Material for the task:
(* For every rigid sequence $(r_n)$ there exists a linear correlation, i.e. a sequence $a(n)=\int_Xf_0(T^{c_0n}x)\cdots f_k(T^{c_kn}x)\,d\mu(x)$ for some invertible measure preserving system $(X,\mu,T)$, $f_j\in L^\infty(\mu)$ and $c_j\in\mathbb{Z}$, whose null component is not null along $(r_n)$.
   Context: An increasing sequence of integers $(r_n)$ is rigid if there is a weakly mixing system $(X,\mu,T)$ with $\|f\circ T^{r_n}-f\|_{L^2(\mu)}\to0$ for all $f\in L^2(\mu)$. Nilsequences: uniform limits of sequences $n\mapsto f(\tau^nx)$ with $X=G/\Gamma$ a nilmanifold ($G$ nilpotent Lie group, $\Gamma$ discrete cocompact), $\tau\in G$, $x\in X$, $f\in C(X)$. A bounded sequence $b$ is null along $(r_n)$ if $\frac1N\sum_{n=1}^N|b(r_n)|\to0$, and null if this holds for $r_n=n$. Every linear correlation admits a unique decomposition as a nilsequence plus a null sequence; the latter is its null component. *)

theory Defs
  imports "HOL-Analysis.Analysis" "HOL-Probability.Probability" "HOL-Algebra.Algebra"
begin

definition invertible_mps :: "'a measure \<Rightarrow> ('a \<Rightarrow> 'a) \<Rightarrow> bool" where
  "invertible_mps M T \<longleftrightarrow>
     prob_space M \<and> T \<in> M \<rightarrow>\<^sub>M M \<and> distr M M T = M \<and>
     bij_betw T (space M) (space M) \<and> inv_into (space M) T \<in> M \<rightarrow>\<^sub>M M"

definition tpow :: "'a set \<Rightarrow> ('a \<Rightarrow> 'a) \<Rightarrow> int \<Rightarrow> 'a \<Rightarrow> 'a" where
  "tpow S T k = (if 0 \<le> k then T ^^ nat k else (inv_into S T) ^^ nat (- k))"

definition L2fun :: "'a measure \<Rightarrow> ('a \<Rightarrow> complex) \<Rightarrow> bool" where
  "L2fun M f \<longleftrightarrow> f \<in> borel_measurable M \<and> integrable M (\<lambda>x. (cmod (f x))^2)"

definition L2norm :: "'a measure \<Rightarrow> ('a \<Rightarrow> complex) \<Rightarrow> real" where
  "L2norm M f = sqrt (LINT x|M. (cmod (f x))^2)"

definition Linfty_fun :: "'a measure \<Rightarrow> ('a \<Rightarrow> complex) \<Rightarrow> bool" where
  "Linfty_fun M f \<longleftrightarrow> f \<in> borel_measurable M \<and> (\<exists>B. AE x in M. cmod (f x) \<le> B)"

==

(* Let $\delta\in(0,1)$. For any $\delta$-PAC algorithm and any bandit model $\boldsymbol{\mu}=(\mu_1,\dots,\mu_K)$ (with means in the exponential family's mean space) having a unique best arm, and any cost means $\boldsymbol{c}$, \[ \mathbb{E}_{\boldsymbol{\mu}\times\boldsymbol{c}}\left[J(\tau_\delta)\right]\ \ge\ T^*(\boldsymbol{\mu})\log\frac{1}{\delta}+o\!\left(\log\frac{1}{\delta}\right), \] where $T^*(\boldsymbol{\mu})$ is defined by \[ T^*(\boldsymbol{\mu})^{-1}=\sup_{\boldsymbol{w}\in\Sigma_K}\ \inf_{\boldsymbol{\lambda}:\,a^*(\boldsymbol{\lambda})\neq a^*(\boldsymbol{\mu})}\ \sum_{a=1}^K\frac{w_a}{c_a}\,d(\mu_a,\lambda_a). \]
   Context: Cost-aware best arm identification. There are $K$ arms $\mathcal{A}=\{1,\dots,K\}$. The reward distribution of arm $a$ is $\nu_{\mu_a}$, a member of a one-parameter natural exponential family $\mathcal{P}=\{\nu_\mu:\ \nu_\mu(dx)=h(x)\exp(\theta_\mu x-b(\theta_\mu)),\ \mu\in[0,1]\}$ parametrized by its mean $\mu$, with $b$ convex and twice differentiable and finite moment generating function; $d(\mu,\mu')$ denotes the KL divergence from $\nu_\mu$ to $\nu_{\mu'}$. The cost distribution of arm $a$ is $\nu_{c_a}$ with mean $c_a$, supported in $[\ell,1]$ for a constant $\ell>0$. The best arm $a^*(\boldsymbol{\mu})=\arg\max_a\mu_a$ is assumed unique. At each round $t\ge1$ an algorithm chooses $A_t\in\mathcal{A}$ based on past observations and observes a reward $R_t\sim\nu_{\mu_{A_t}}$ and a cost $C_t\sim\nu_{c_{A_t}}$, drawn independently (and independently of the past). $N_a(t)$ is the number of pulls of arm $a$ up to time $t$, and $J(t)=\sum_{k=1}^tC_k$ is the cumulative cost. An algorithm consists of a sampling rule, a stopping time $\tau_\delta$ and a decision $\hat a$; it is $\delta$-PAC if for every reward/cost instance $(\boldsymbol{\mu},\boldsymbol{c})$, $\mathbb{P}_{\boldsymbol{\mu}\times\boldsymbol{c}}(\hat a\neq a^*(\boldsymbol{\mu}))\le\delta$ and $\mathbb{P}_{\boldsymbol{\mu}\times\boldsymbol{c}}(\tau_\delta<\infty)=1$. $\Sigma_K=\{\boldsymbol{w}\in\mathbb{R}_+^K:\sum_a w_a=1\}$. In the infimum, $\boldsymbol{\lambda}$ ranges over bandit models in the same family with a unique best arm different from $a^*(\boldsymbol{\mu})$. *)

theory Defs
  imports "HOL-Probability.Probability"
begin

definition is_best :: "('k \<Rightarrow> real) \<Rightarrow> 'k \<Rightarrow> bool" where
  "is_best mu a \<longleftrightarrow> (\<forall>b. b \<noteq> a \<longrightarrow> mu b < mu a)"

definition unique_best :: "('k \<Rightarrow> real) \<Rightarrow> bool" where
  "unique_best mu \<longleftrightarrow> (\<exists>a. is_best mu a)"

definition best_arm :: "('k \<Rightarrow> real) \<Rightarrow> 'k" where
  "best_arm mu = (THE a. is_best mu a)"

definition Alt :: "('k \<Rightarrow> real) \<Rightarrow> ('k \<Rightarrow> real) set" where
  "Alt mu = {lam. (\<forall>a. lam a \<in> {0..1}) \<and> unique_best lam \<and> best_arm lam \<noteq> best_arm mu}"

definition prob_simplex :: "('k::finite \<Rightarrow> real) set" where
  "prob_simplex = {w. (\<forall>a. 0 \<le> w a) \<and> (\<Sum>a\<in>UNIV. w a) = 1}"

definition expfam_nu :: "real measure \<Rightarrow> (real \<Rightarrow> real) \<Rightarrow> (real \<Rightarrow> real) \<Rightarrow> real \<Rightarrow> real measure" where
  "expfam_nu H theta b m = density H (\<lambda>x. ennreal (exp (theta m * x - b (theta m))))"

Required action:
In the entries above, find the line with "real) \<Rightarrow> 'k \<Rightarrow>" and the line with "m = density", then set down exactly those two and every line between them, nothing else.

Answer space:
definition is_best :: "('k \<Rightarrow> real) \<Rightarrow> 'k \<Rightarrow> bool" where
  "is_best mu a \<longleftrightarrow> (\<forall>b. b \<noteq> a \<longrightarrow> mu b < mu a)"

definition unique_best :: "('k \<Rightarrow> real) \<Rightarrow> bool" where
  "unique_best mu \<longleftrightarrow> (\<exists>a. is_best mu a)"

definition best_arm :: "('k \<Rightarrow> real) \<Rightarrow> 'k" where
  "best_arm mu = (THE a. is_best mu a)"

definition Alt :: "('k \<Rightarrow> real) \<Rightarrow> ('k \<Rightarrow> real) set" where
  "Alt mu = {lam. (\<forall>a. lam a \<in> {0..1}) \<and> unique_best lam \<and> best_arm lam \<noteq> best_arm mu}"

definition prob_simplex :: "('k::finite \<Rightarrow> real) set" where
  "prob_simplex = {w. (\<forall>a. 0 \<le> w a) \<and> (\<Sum>a\<in>UNIV. w a) = 1}"

definition expfam_nu :: "real measure \<Rightarrow> (real \<Rightarrow> real) \<Rightarrow> (real \<Rightarrow> real) \<Rightarrow> real \<Rightarrow> real measure" where
  "expfam_nu H theta b m = density H (\<lambda>x. ennreal (exp (theta m * x - b (theta m))))"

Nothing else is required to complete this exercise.